%%
lemma XST_tail_le:
  assumes "0 \<le> x"
  shows "prob {\<omega>\<in>space M. x \<le> XST (X \<omega>) S T}
           \<le> 2 ^ card S * 2 ^ card T * beta x (real (card S) * real (card T) * \<sigma>2)"
proof -
  define signs where "signs = (S \<rightarrow>\<^sub>E {-1::real, 1}) \<times> (T \<rightarrow>\<^sub>E {-1::real, 1})"
  define E where "E p = {\<omega>\<in>space M. x \<le> (\<Sum>i\<in>S. \<Sum>j\<in>T. fst p i * X \<omega> i j * snd p j)}" for p
  have E_events: "E p \<in> events" for p
  proof -
    have "(\<lambda>\<omega>. \<Sum>i\<in>S. \<Sum>j\<in>T. fst p i * X \<omega> i j * snd p j) \<in> borel_measurable M"
      using borel_measurable_entry by (auto intro!: borel_measurable_sum borel_measurable_times)
    then show ?thesis unfolding E_def by measurable
  qed
  have "{\<omega>\<in>space M. x \<le> XST (X \<omega>) S T} \<subseteq> (\<Union>p\<in>signs. E p)"
  proof
    fix \<omega> assume "\<omega> \<in> {\<omega>\<in>space M. x \<le> XST (X \<omega>) S T}"
    moreover obtain u v where "u \<in> S \<rightarrow>\<^sub>E {-1, 1}" "v \<in> T \<rightarrow>\<^sub>E {-1, 1}"
      "XST (X \<omega>) S T = (\<Sum>i\<in>S. \<Sum>j\<in>T. u i * X \<omega> i j * v j)"
      using XST_attained[OF ST(1,2)] by blast
    ultimately show "\<omega> \<in> (\<Union>p\<in>signs. E p)"
      unfolding signs_def E_def by force
  qed
  then have "prob {\<omega>\<in>space M. x \<le> XST (X \<omega>) S T} \<le> prob (\<Union>p\<in>signs. E p)"
    by (rule finite_measure_mono) (auto simp: E_events signs_def finite_PiE ST)
  also have "\<dots> \<le> (\<Sum>p\<in>signs. prob (E p))"
    by (rule measure_UNION_le) (auto simp: signs_def finite_PiE ST E_events)
  also have "\<dots> \<le> (\<Sum>p\<in>signs. beta x (real (card S) * real (card T) * \<sigma>2))"
    using assms by (intro sum_mono) (auto simp: E_def signs_def intro: sign_form_tail_le)
  also have "\<dots> = 2 ^ card S * 2 ^ card T * beta x (real (card S) * real (card T) * \<sigma>2)"
    using ST by (simp add: signs_def card_cartesian_product card_PiE numeral_2_eq_2)
  finally show ?thesis .
qed

lemma XST_rate_event_in_events:
  "{\<omega>\<in>space M. c \<le> - ln (beta (XST (X \<omega>) S T) (real (card S) * real (card T) * \<sigma>2))} \<in> events"
proof -
  have [measurable]: "(\<lambda>\<omega>. XST (X \<omega>) S T) \<in> borel_measurable M"
    using ST borel_measurable_entry by (intro borel_measurable_XST) auto
  show ?thesis unfolding beta_def by measurable
qed

lemma XST_rate_event_le:
  "prob {\<omega>\<in>space M. c \<le> - ln (beta (XST (X \<omega>) S T) (real (card S) * real (card T) * \<sigma>2))}
     \<le> 2 ^ card S * 2 ^ card T * exp (- c)"
proof -
  define s where "s = real (card S) * real (card T) * \<sigma>2"
  have s_pos: "0 < s" using ST \<sigma>2_pos by (simp add: s_def card_gt_0_iff)
  have "{\<omega>\<in>space M. c \<le> - ln (beta (XST (X \<omega>) S T) s)}
      = {\<omega>\<in>space M. 0 \<le> XST (X \<omega>) S T \<and> c \<le> bennett_rate s (XST (X \<omega>) S T)}"
    using XST_nonneg[OF ST(1,2)] beta_eq_exp_bennett_rate[OF s_pos] by auto
  also have "prob \<dots> \<le> 2 ^ card S * 2 ^ card T * exp (- c)"
  proof (rule measure_rate_ge_le_of_tail)
    show "(\<lambda>\<omega>. XST (X \<omega>) S T) \<in> borel_measurable M"
      using ST borel_measurable_entry by (intro borel_measurable_XST) auto
    show "continuous_on {0..} (bennett_rate s)"
      by (rule continuous_on_bennett_rate[OF s_pos])
    show "prob {\<omega>\<in>space M. x \<le> XST (X \<omega>) S T} \<le> 2 ^ card S * 2 ^ card T * exp (- bennett_rate s x)"
      if "0 \<le> x" for x
      using XST_tail_le[OF that] beta_eq_exp_bennett_rate[OF s_pos that] by (simp add: s_def)
  qed
  finally show ?thesis unfolding s_def .
qed

end

end

theorem lemmaB1:
  fixes M :: "'a measure" and X :: "'a \<Rightarrow> nat \<Rightarrow> nat \<Rightarrow> real"
    and n m :: nat and \<sigma>2 t :: real
  assumes "prob_space M"
    and "n \<ge> 1" and "m \<ge> 1"
    and "\<sigma>2 > 0"
    and indep: "prob_space.indep_vars M (\<lambda>_. borel) (\<lambda>p \<omega>. X \<omega> (fst p) (snd p)) ({1..n} \<times> {1..m})"
    and integ: "\<And>i j. i \<in> {1..n} \<Longrightarrow> j \<in> {1..m} \<Longrightarrow> integrable M (\<lambda>\<omega>. X \<omega> i j)"
    and centered: "\<And>i j. i \<in> {1..n} \<Longrightarrow> j \<in> {1..m} \<Longrightarrow> (\<integral>\<omega>. X \<omega> i j \<partial>M) = 0"
    and mgf_int: "\<And>i j l. i \<in> {1..n} \<Longrightarrow> j \<in> {1..m} \<Longrightarrow> integrable M (\<lambda>\<omega>. exp (l * X \<omega> i j))"
    and mgf: "\<And>i j l. i \<in> {1..n} \<Longrightarrow> j \<in> {1..m} \<Longrightarrow>
       (\<integral>\<omega>. exp (l * X \<omega> i j) \<partial>M) \<le> exp (\<sigma>2 * (exp \<bar>l\<bar> - 1 - \<bar>l\<bar>))"
    and "t \<ge> 1"
  shows "measure M {\<omega> \<in> space M. \<exists>S T. S \<noteq> {} \<and> S \<subseteq> {1..n} \<and> T \<noteq> {} \<and> T \<subseteq> {1..m} \<and>
            - ln (beta (XST (X \<omega>) S T) (real (card S) * real (card T) * \<sigma>2))
              \<ge> (1 + t) * tau n m (card S) (card T)}
         \<le> (exp 2 * real n * real m) powr (- t)"
proof -
  interpret prob_space M by fact
  define P where "P = {S. S \<noteq> {} \<and> S \<subseteq> {1..n}}"
  define Q where "Q = {T. T \<noteq> {} \<and> T \<subseteq> {1..m}}"
  define E where "E S T = {\<omega>\<in>space M. (1 + t) * tau n m (card S) (card T)
      \<le> - ln (beta (XST (X \<omega>) S T) (real (card S) * real (card T) * \<sigma>2))}" for S T
  have hyps: "finite S" "finite T" "S \<noteq> {}" "T \<noteq> {}" "S \<subseteq> {1..n}" "T \<subseteq> {1..m}"
    "indep_vars (\<lambda>_. borel) (\<lambda>p \<omega>. X \<omega> (fst p) (snd p)) (S \<times> T)" if "S \<in> P" "T \<in> Q" for S T
    using that indep_vars_subset[OF indep, of "S \<times> T"] unfolding P_def Q_def by (auto intro: finite_subset)
  have "prob {\<omega> \<in> space M. \<exists>S T. S \<noteq> {} \<and> S \<subseteq> {1..n} \<and> T \<noteq> {} \<and> T \<subseteq> {1..m} \<and>
            - ln (beta (XST (X \<omega>) S T) (real (card S) * real (card T) * \<sigma>2))
              \<ge> (1 + t) * tau n m (card S) (card T)}
      \<le> (\<Sum>S\<in>P. tau_weight t n (card S)) * (\<Sum>T\<in>Q. tau_weight t m (card T))"
  proof (rule measure_le_sum_product_of_cover)
    show "E S T \<in> events" if "S \<in> P" "T \<in> Q" for S T
      unfolding E_def using hyps[OF that] \<open>\<sigma>2 > 0\<close>
      by (intro XST_rate_event_in_events) (auto intro!: mgf_int mgf)
    show "prob (E S T) \<le> tau_weight t n (card S) * tau_weight t m (card T)" if "S \<in> P" "T \<in> Q" for S T
      unfolding E_def tau_weight_mult[symmetric] using hyps[OF that] \<open>\<sigma>2 > 0\<close>
      by (intro XST_rate_event_le) (auto intro!: mgf_int mgf)
  qed (unfold P_def Q_def E_def, blast, simp_all add: finite_subset[of _ "Pow _"])
  also have "\<dots> \<le> (exp 1 * real n) powr (- t) * (exp 1 * real m) powr (- t)"
    unfolding P_def Q_def using \<open>t \<ge> 1\<close>
    by (intro mult_mono sum_tau_weight_le sum_nonneg) (auto simp: tau_weight_def)
  also have "\<dots> = (exp 2 * real n * real m) powr (- t)"
    by (simp add: powr_mult[symmetric] mult_exp_exp mult_ac)
  finally show ?thesis .
qed

end
text \<open>A map phi from a lattice oriented via B0 to a lattice oriented via B1 (both inside
  H~(S,Q), with the same ample h) preserves orientation iff the orthogonal projection of
  the image of the positive oriented basis (p1,p2) onto the span of the positive oriented
  basis (q1,q2) has positive determinant in the basis (q1,q2); this determinant equals
  det[(phi p_i, q_j)] / det Gram(q1,q2).\<close>
definition orientation_preserving ::
  "real^'n^'n \<Rightarrow> real^'n \<Rightarrow> real^'n \<Rightarrow> real^'n \<Rightarrow> ('n mukai \<Rightarrow> 'n mukai) \<Rightarrow> bool" where
  "orientation_preserving Q h B0 B1 \<phi> \<longleftrightarrow>
     (let (p1, p2) = or_basis Q B0 h; (q1, q2) = or_basis Q B1 h;
          M = mukai_pair Q (\<phi> p1) q1 * mukai_pair Q (\<phi> p2) q2
              - mukai_pair Q (\<phi> p1) q2 * mukai_pair Q (\<phi> p2) q1;
          G = mukai_pair Q q1 q1 * mukai_pair Q q2 q2 - mukai_pair Q q1 q2 * mukai_pair Q q2 q1
      in M / G > 0)"

end

theory Submission imports Defs begin

(* Both e^B and kappa_d preserve the Mukai pairing, so phi is an isometry,
   and it is injective because e^{-B} inverts e^B.  For (a,l,b) in NS~(S) one writes
     phi(a,l,b) = (da, l + daB, 0) - (0, 0, -t),
   where the first summand lies in NS~(S,B) (because dB is integral) and d*t is an
   integer (because the K3 form is even), so the second is a multiple of (0,0,-1/d).
   Conversely, for (a,l,b) in NS~(S,B) the class l - aB lies in omega^perp, and the
   minimality of d = ord(alpha) forces d | a; this yields an explicit preimage in
   NS~(S).  Since phi commutes with differences, its image is a subgroup, hence all
   of L.  Finally the orientation quotient is (d + 1/d) (h,h) / (2 (h,h)) > 0.
   The file first develops the bilinear form on H^2, the Mukai-side maps, the generated
   lattice and the Brauer order, then proves each of these facts separately. *)

section \<open>The bilinear form on H^2\<close>

lemma bil_add_left: "bil Q (u + v) w = bil Q u w + bil Q v w"
  by (simp add: bil_def inner_add_left)
lemma bil_add_right: "bil Q w (u + v) = bil Q w u + bil Q w v"
  by (simp add: bil_def matrix_vector_right_distrib inner_add_right)
lemma bil_diff_left: "bil Q (u - v) w = bil Q u w - bil Q v w"
  by (simp add: bil_def inner_diff_left)
lemma bil_diff_right: "bil Q w (u - v) = bil Q w u - bil Q w v"
  by (simp add: bil_def matrix_vector_mult_diff_distrib inner_diff_right)
lemma bil_scale_left: "bil Q (c *\<^sub>R u) w = c * bil Q u w"
  by (simp add: bil_def)
lemma bil_scale_right: "bil Q w (c *\<^sub>R u) = c * bil Q w u"
  by (simp add: bil_def matrix_vector_mult_scaleR)
lemma bil_neg_left: "bil Q (- u) w = - bil Q u w"
  by (simp add: bil_def)
lemma bil_neg_right: "bil Q w (- u) = - bil Q w u"
  using bil_scale_right[of Q w "-1" u] by simp
lemma bil_zero_left [simp]: "bil Q 0 w = 0"
  by (simp add: bil_def)
lemma bil_zero_right [simp]: "bil Q w 0 = 0"
  by (simp add: bil_def)

lemmas bil_lin = bil_add_left bil_add_right bil_diff_left bil_diff_right
  bil_scale_left bil_scale_right bil_neg_left bil_neg_right

lemma bil_sym:
  assumes "transpose Q = Q"
  shows "bil Q u v = bil Q v u"
proof -
  have "bil Q u v = (transpose Q *v u) \<bullet> v"
    by (simp add: bil_def dot_lmul_matrix)
  then show ?thesis
    using assms by (simp add: bil_def inner_commute)
qed

lemma bil_expand: "bil Q u v = (\<Sum>i\<in>UNIV. u $ i * (\<Sum>j\<in>UNIV. Q $ i $ j * v $ j))"
  by (simp add: bil_def inner_vec_def matrix_vector_mult_def)

lemma bil_axis: "bil Q (axis a 1) (axis a 1) = Q $ a $ a"
  by (simp add: bil_expand axis_def if_distrib[of "\<lambda>x. _ * x"] if_distrib[of "\<lambda>x. x * _"]
      sum.delta cong: if_cong)

definition even_form :: "real^'n^'n \<Rightarrow> bool" where
  "even_form Q \<longleftrightarrow> (\<forall>i j. Q $ i $ j \<in> \<int>) \<and> transpose Q = Q \<and> (\<forall>i. \<exists>k\<in>\<int>. Q $ i $ i = 2 * k)"

lemma K3_lattice_form_even: "K3_lattice_form Q \<Longrightarrow> even_form Q"
  by (simp add: K3_lattice_form_def even_form_def)

lemma integral_vec_add: "integral_vec u \<Longrightarrow> integral_vec v \<Longrightarrow> integral_vec (u + v)"
  by (auto simp: integral_vec_def)
lemma integral_vec_diff: "integral_vec u \<Longrightarrow> integral_vec v \<Longrightarrow> integral_vec (u - v)"
  by (auto simp: integral_vec_def)
lemma integral_vec_scale: "c \<in> \<int> \<Longrightarrow> integral_vec u \<Longrightarrow> integral_vec (c *\<^sub>R u)"
  by (auto simp: integral_vec_def)
lemma integral_vec_zero: "integral_vec 0"
  by (auto simp: integral_vec_def)

lemma bil_integral:
  assumes "\<forall>i j. Q $ i $ j \<in> \<int>" "integral_vec u" "integral_vec v"
  shows "bil Q u v \<in> \<int>"
  using assms unfolding bil_expand integral_vec_def
  by (intro Ints_sum Ints_mult) auto

text \<open>On an even lattice every integral vector has even square; this is what makes
  the H^4-component of the twisted vectors integral.\<close>
lemma bil_even:
  assumes Q: "even_form Q" and v: "integral_vec v"
  shows "\<exists>k\<in>\<int>. bil Q v v = 2 * k"
proof -
  have Qi: "\<forall>i j. Q $ i $ j \<in> \<int>" and Qs: "transpose Q = Q"
    and Qe: "\<forall>i. \<exists>k\<in>\<int>. Q $ i $ i = 2 * k"
    using Q by (auto simp: even_form_def)
  define w where "w S = (\<chi> i. if i \<in> S then v $ i else 0)" for S
  have w_integral: "integral_vec (w S)" for S
    using v by (auto simp: integral_vec_def w_def)
  have "\<exists>k\<in>\<int>. bil Q (w S) (w S) = 2 * k" if "finite S" for S
    using that
  proof (induction S rule: finite_induct)
    case empty
    have "w {} = 0" by (simp add: w_def vec_eq_iff)
    then show ?case by auto
  next
    case (insert a S)
    then obtain k where k: "k \<in> \<int>" "bil Q (w S) (w S) = 2 * k" by auto
    obtain m where m: "m \<in> \<int>" "Q $ a $ a = 2 * m" using Qe by auto
    define t where "t = (v $ a) *\<^sub>R axis a (1::real)"
    have w_insert: "w (insert a S) = w S + t"
      using insert(2) by (auto simp: w_def t_def vec_eq_iff axis_def)
    have t_integral: "integral_vec t"
      using v by (auto simp: t_def integral_vec_def axis_def)
    have cross: "bil Q (w S) t \<in> \<int>"
      by (rule bil_integral[OF Qi w_integral t_integral])
    have va: "v $ a \<in> \<int>" using v by (auto simp: integral_vec_def)
    have "bil Q (w (insert a S)) (w (insert a S)) = bil Q (w S) (w S) + 2 * bil Q (w S) t + bil Q t t"
      unfolding w_insert by (simp add: bil_lin bil_sym[OF Qs, of t "w S"])
    moreover have "bil Q t t = (v $ a) * (v $ a) * Q $ a $ a"
      by (simp add: t_def bil_lin bil_axis)
    ultimately have "bil Q (w (insert a S)) (w (insert a S)) = 2 * (k + bil Q (w S) t + v $ a * v $ a * m)"
      using k m by (simp add: algebra_simps)
    moreover have "k + bil Q (w S) t + v $ a * v $ a * m \<in> \<int>"
      using k cross m va by auto
    ultimately show ?case by blast
  qed
  moreover have "w UNIV = v" by (simp add: w_def vec_eq_iff)
  ultimately show ?thesis by fastforce
qed

section \<open>The maps e^B and kappa on Mukai vectors\<close>

lemma eB_isometry:
  assumes "transpose Q = Q"
  shows "mukai_pair Q (eB Q B v) (eB Q B w) = mukai_pair Q v w"
proof -
  obtain a l b a' l' b' where "v = (a, l, b)" "w = (a', l', b')" by (cases v, cases w)
  then show ?thesis
    by (simp add: mukai_pair_def eB_def bil_lin bil_sym[OF assms, of l B]
        bil_sym[OF assms, of l' B] algebra_simps)
qed

lemma kappa_isometry:
  assumes "d > 0"
  shows "mukai_pair Q (kappa d v) (kappa d w) = mukai_pair Q v w"
  using assms by (cases v, cases w) (simp add: mukai_pair_def kappa_def field_simps)
definition mscal :: "complex \<Rightarrow> cdist \<Rightarrow> cdist" where
  "mscal \<alpha> f = (\<lambda>t. map_option (\<lambda>a. \<alpha> * a) (f t))"

fun nf :: "dist \<Rightarrow> cdist" where
  "nf DZero = Map.empty"
| "nf (DTm t) = [t \<mapsto> 1]"
| "nf (DPlus a b) = madd (nf a) (nf b)"
| "nf (DScal \<alpha> a) = mscal \<alpha> (nf a)"

definition equiv_dist :: "dist \<Rightarrow> dist \<Rightarrow> bool" where
  "equiv_dist d d' \<longleftrightarrow> nf d = nf d'"

inductive atomic :: "trm \<Rightarrow> dist \<Rightarrow> bool" where
  beta: "atomic (App (Val (Lam x d)) (Val v)) (substd x v d)"
| seq: "atomic (Seq (Val Star) d) d"
| letp: "atomic (LetP x y (Val (Pair v w)) d) (substd y w (substd x v d))"
| match_inl: "atomic (Match (Val (Inl v)) x1 d1 x2 d2) (substd x1 v d1)"
| match_inr: "atomic (Match (Val (Inr v)) x1 d1 x2 d2) (substd x2 v d2)"
| app_arg: "atomic t d \<Longrightarrow> atomic (App s t) (dmap (\<lambda>t'. App s t') d)"
| app_fun: "atomic s d \<Longrightarrow> atomic (App s (Val v)) (dmap (\<lambda>s'. App s' (Val v)) d)"
| seq_ctx: "atomic t d \<Longrightarrow> atomic (Seq t e) (dmap (\<lambda>t'. Seq t' e) d)"
| let_ctx: "atomic t d \<Longrightarrow> atomic (LetP x y t e) (dmap (\<lambda>t'. LetP x y t' e) d)"
| match_ctx: "atomic t d \<Longrightarrow>
     atomic (Match t x1 e1 x2 e2) (dmap (\<lambda>t'. Match t' x1 e1 x2 e2) d)"

definition step :: "dist \<Rightarrow> dist \<Rightarrow> bool" where
  "step d d' \<longleftrightarrow> (\<exists>\<alpha> s s' r. atomic s s' \<and>
      equiv_dist d (DPlus (DScal \<alpha> (DTm s)) r) \<and>
      equiv_dist d' (DPlus (DScal \<alpha> s') r))"

abbreviation steps :: "dist \<Rightarrow> dist \<Rightarrow> bool" where
  "steps \<equiv> step\<^sup>*\<^sup>*"

definition cinner :: "cdist \<Rightarrow> cdist \<Rightarrow> complex" where
  "cinner f g = (\<Sum>t\<in>dom f \<inter> dom g. cnj (the (f t)) * the (g t))"

definition cnorm :: "cdist \<Rightarrow> real" where
  "cnorm f = sqrt (Re (cinner f f))"

inductive in_span :: "cdist set \<Rightarrow> cdist \<Rightarrow> bool" for X where
  span_zero: "in_span X Map.empty"
| span_step: "in_span X f \<Longrightarrow> b \<in> X \<Longrightarrow> in_span X (madd f (mscal \<alpha> b))"

definition inl_map :: "cdist \<Rightarrow> cdist" where
  "inl_map f = (\<lambda>t. case t of Val (Inl v) \<Rightarrow> f (Val v) | _ \<Rightarrow> None)"
definition inr_map :: "cdist \<Rightarrow> cdist" where
  "inr_map f = (\<lambda>t. case t of Val (Inr v) \<Rightarrow> f (Val v) | _ \<Rightarrow> None)"

definition list_dist :: "(complex \<times> val) list \<Rightarrow> dist" where
  "list_dist ws = foldr (\<lambda>(\<beta>, w) acc. DPlus (DScal \<beta> (DTm (Val w))) acc) ws DZero"

definition canon :: "(complex \<times> val) list \<Rightarrow> cdist \<Rightarrow> bool" where
  "canon ws f \<longleftrightarrow> distinct (map snd ws) \<and> nf (list_dist ws) = f"

definition lin_subst :: "name \<Rightarrow> dist \<Rightarrow> (complex \<times> val) list \<Rightarrow> dist" where
  "lin_subst x d ws = foldr (\<lambda>(\<beta>, w) acc. DPlus (DScal \<beta> (substd x w d)) acc) ws DZero"

datatype ty = TU | TSum ty ty | TSharp ty | TArr ty ty

definition TB :: ty where "TB = TSum TU TU"

fun sem :: "ty \<Rightarrow> cdist set" where
  "sem TU = {[Val Star \<mapsto> 1]}"
| "sem (TSum A B) = inl_map ` sem A \<union> inr_map ` sem B"
| "sem (TSharp A) = {f. in_span (sem A) f \<and> cnorm f = 1}"
| "sem (TArr A B) = {[Val (Lam x d) \<mapsto> 1] | x d. closed_v (Lam x d) \<and>
      (\<forall>v \<in> sem A. \<forall>ws. canon ws v \<longrightarrow>
         (\<exists>d'. steps (lin_subst x d ws) d' \<and> nf d' \<in> sem B))}"

end

theory Submission imports Defs begin

text \<open>If a term distribution reduces to a value distribution, the coefficients of the latter are
  determined by the former, since atomic evaluation is deterministic, and they depend linearly on
  it.  Hence \<open>t\<langle>x := \<alpha>\<cdot>tt + \<beta>\<cdot>ff\<rangle>\<close> can only reduce to \<open>\<alpha>\<cdot>v\<^sub>1 + \<beta>\<cdot>v\<^sub>2\<close>, where
  \<open>t[x:=tt] \<succ>\<^sup>* v\<^sub>1\<close> and \<open>t[x:=ff] \<succ>\<^sup>* v\<^sub>2\<close>.  This has norm one for all unit vectors \<open>(\<alpha>, \<beta>)\<close>
  iff \<open>v\<^sub>1\<close> and \<open>v\<^sub>2\<close> are orthogonal unit vectors, by polarization.\<close>

definition coeff :: "cdist \<Rightarrow> trm \<Rightarrow> complex" where
  "coeff f u = (case f u of None \<Rightarrow> 0 | Some a \<Rightarrow> a)"

lemma dom_madd [simp]: "dom (madd f g) = dom f \<union> dom g"
  by (auto simp: madd_def dom_def split: option.splits)

lemma dom_mscal [simp]: "dom (mscal a f) = dom f"
  by (auto simp: mscal_def)

lemma coeff_madd [simp]: "coeff (madd f g) u = coeff f u + coeff g u"
  by (auto simp: coeff_def madd_def split: option.splits)

lemma coeff_mscal [simp]: "coeff (mscal a f) u = a * coeff f u"
  by (auto simp: coeff_def mscal_def split: option.splits)

lemma coeff_singleton [simp]: "coeff [s \<mapsto> c] u = (if u = s then c else 0)"
  by (simp add: coeff_def)

lemma coeff_empty [simp]: "coeff Map.empty u = 0"
  by (simp add: coeff_def)

lemma coeff_notin_dom: "u \<notin> dom f \<Longrightarrow> coeff f u = 0"
  by (auto simp: coeff_def domIff)

lemma finite_dom_nf [simp]: "finite (dom (nf d))"
  by (induction d rule: nf.induct) (auto simp del: domIff fun_upd_apply)

lemma madd_empty_right [simp]: "madd f Map.empty = f"
  by (rule ext) (auto simp: madd_def split: option.splits)


lemma madd_assoc: "madd (madd f g) h = madd f (madd g h)"
  by (rule ext) (auto simp: madd_def add.assoc split: option.splits)

lemma madd_left_commute: "madd f (madd g h) = madd g (madd f h)"
  by (rule ext) (auto simp: madd_def ac_simps split: option.splits)

lemma mscal_madd: "mscal a (madd f g) = madd (mscal a f) (mscal a g)"
  by (rule ext) (auto simp: mscal_def madd_def ring_distribs split: option.splits)

lemma mscal_mscal: "mscal a (mscal b f) = mscal (a * b) f"
  by (rule ext) (auto simp: mscal_def option.map_comp o_def mult.assoc)

lemma mscal_one [simp]: "mscal 1 f = f"
  by (rule ext) (auto simp: mscal_def option.map_ident)


lemma cinner_eq_sum:
  assumes "finite S" "dom f \<subseteq> S"
  shows "cinner f g = (\<Sum>u\<in>S. cnj (coeff f u) * coeff g u)"
  unfolding cinner_def
proof (rule sum.mono_neutral_cong_left)
  show "\<forall>u\<in>S - dom f \<inter> dom g. cnj (coeff f u) * coeff g u = 0"
    by (auto simp: coeff_def split: option.splits)
qed (use assms in \<open>auto simp: coeff_def\<close>)

lemma atomic_Val [simp]: "\<not> atomic (Val v) d"
  by (auto elim: atomic.cases)

lemma atomic_deterministic: "atomic s d1 \<Longrightarrow> atomic s d2 \<Longrightarrow> d1 = d2"
  by (induction arbitrary: d2 rule: atomic.induct) (erule atomic.cases; auto)+

text \<open>Big-step evaluation: \<open>evaluates s g\<close> says that the pure term \<open>s\<close> reduces to a value
  distribution with coefficient vector \<open>g\<close>.\<close>

inductive evaluates :: "trm \<Rightarrow> (trm \<Rightarrow> complex) \<Rightarrow> bool" where
  evaluates_Val: "evaluates (Val v) (\<lambda>u. if u = Val v then 1 else 0)"
| evaluates_atomic: "atomic s d \<Longrightarrow> (\<forall>u \<in> dom (nf d). evaluates u (g u)) \<Longrightarrow>
     evaluates s (\<lambda>w. \<Sum>u\<in>dom (nf d). coeff (nf d) u * g u w)"

lemma evaluates_functional: "evaluates s g1 \<Longrightarrow> evaluates s g2 \<Longrightarrow> g1 = g2"
proof (induction arbitrary: g2 rule: evaluates.induct)
  case (evaluates_Val v)
  then show ?case by (auto elim: evaluates.cases)
next
  case (evaluates_atomic s d g)
  from evaluates_atomic.prems evaluates_atomic.hyps(1) obtain g' where
    g2: "g2 = (\<lambda>w. \<Sum>u\<in>dom (nf d). coeff (nf d) u * g' u w)"
    and "\<forall>u \<in> dom (nf d). evaluates u (g' u)"
    by (cases rule: evaluates.cases) (auto dest: atomic_deterministic)
  with evaluates_atomic.IH have "\<And>u. u \<in> dom (nf d) \<Longrightarrow> g u = g' u" by blast
  then show ?case unfolding g2 by (intro ext sum.cong) auto
qed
%%
▸ What to work on
Both the line containing "by (simp add: bil_def inner_vec_def" and the line containing "by (intro Ints_sum Ints_mult) auto" belong in the answer. Print them and every line above that falls between them exactly, and no others.

▸ Exercise solution
  by (simp add: bil_def inner_vec_def matrix_vector_mult_def)

lemma bil_axis: "bil Q (axis a 1) (axis a 1) = Q $ a $ a"
  by (simp add: bil_expand axis_def if_distrib[of "\<lambda>x. _ * x"] if_distrib[of "\<lambda>x. x * _"]
      sum.delta cong: if_cong)

definition even_form :: "real^'n^'n \<Rightarrow> bool" where
  "even_form Q \<longleftrightarrow> (\<forall>i j. Q $ i $ j \<in> \<int>) \<and> transpose Q = Q \<and> (\<forall>i. \<exists>k\<in>\<int>. Q $ i $ i = 2 * k)"

lemma K3_lattice_form_even: "K3_lattice_form Q \<Longrightarrow> even_form Q"
  by (simp add: K3_lattice_form_def even_form_def)

lemma integral_vec_add: "integral_vec u \<Longrightarrow> integral_vec v \<Longrightarrow> integral_vec (u + v)"
  by (auto simp: integral_vec_def)
lemma integral_vec_diff: "integral_vec u \<Longrightarrow> integral_vec v \<Longrightarrow> integral_vec (u - v)"
  by (auto simp: integral_vec_def)
lemma integral_vec_scale: "c \<in> \<int> \<Longrightarrow> integral_vec u \<Longrightarrow> integral_vec (c *\<^sub>R u)"
  by (auto simp: integral_vec_def)
lemma integral_vec_zero: "integral_vec 0"
  by (auto simp: integral_vec_def)

lemma bil_integral:
  assumes "\<forall>i j. Q $ i $ j \<in> \<int>" "integral_vec u" "integral_vec v"
  shows "bil Q u v \<in> \<int>"
  using assms unfolding bil_expand integral_vec_def
  by (intro Ints_sum Ints_mult) auto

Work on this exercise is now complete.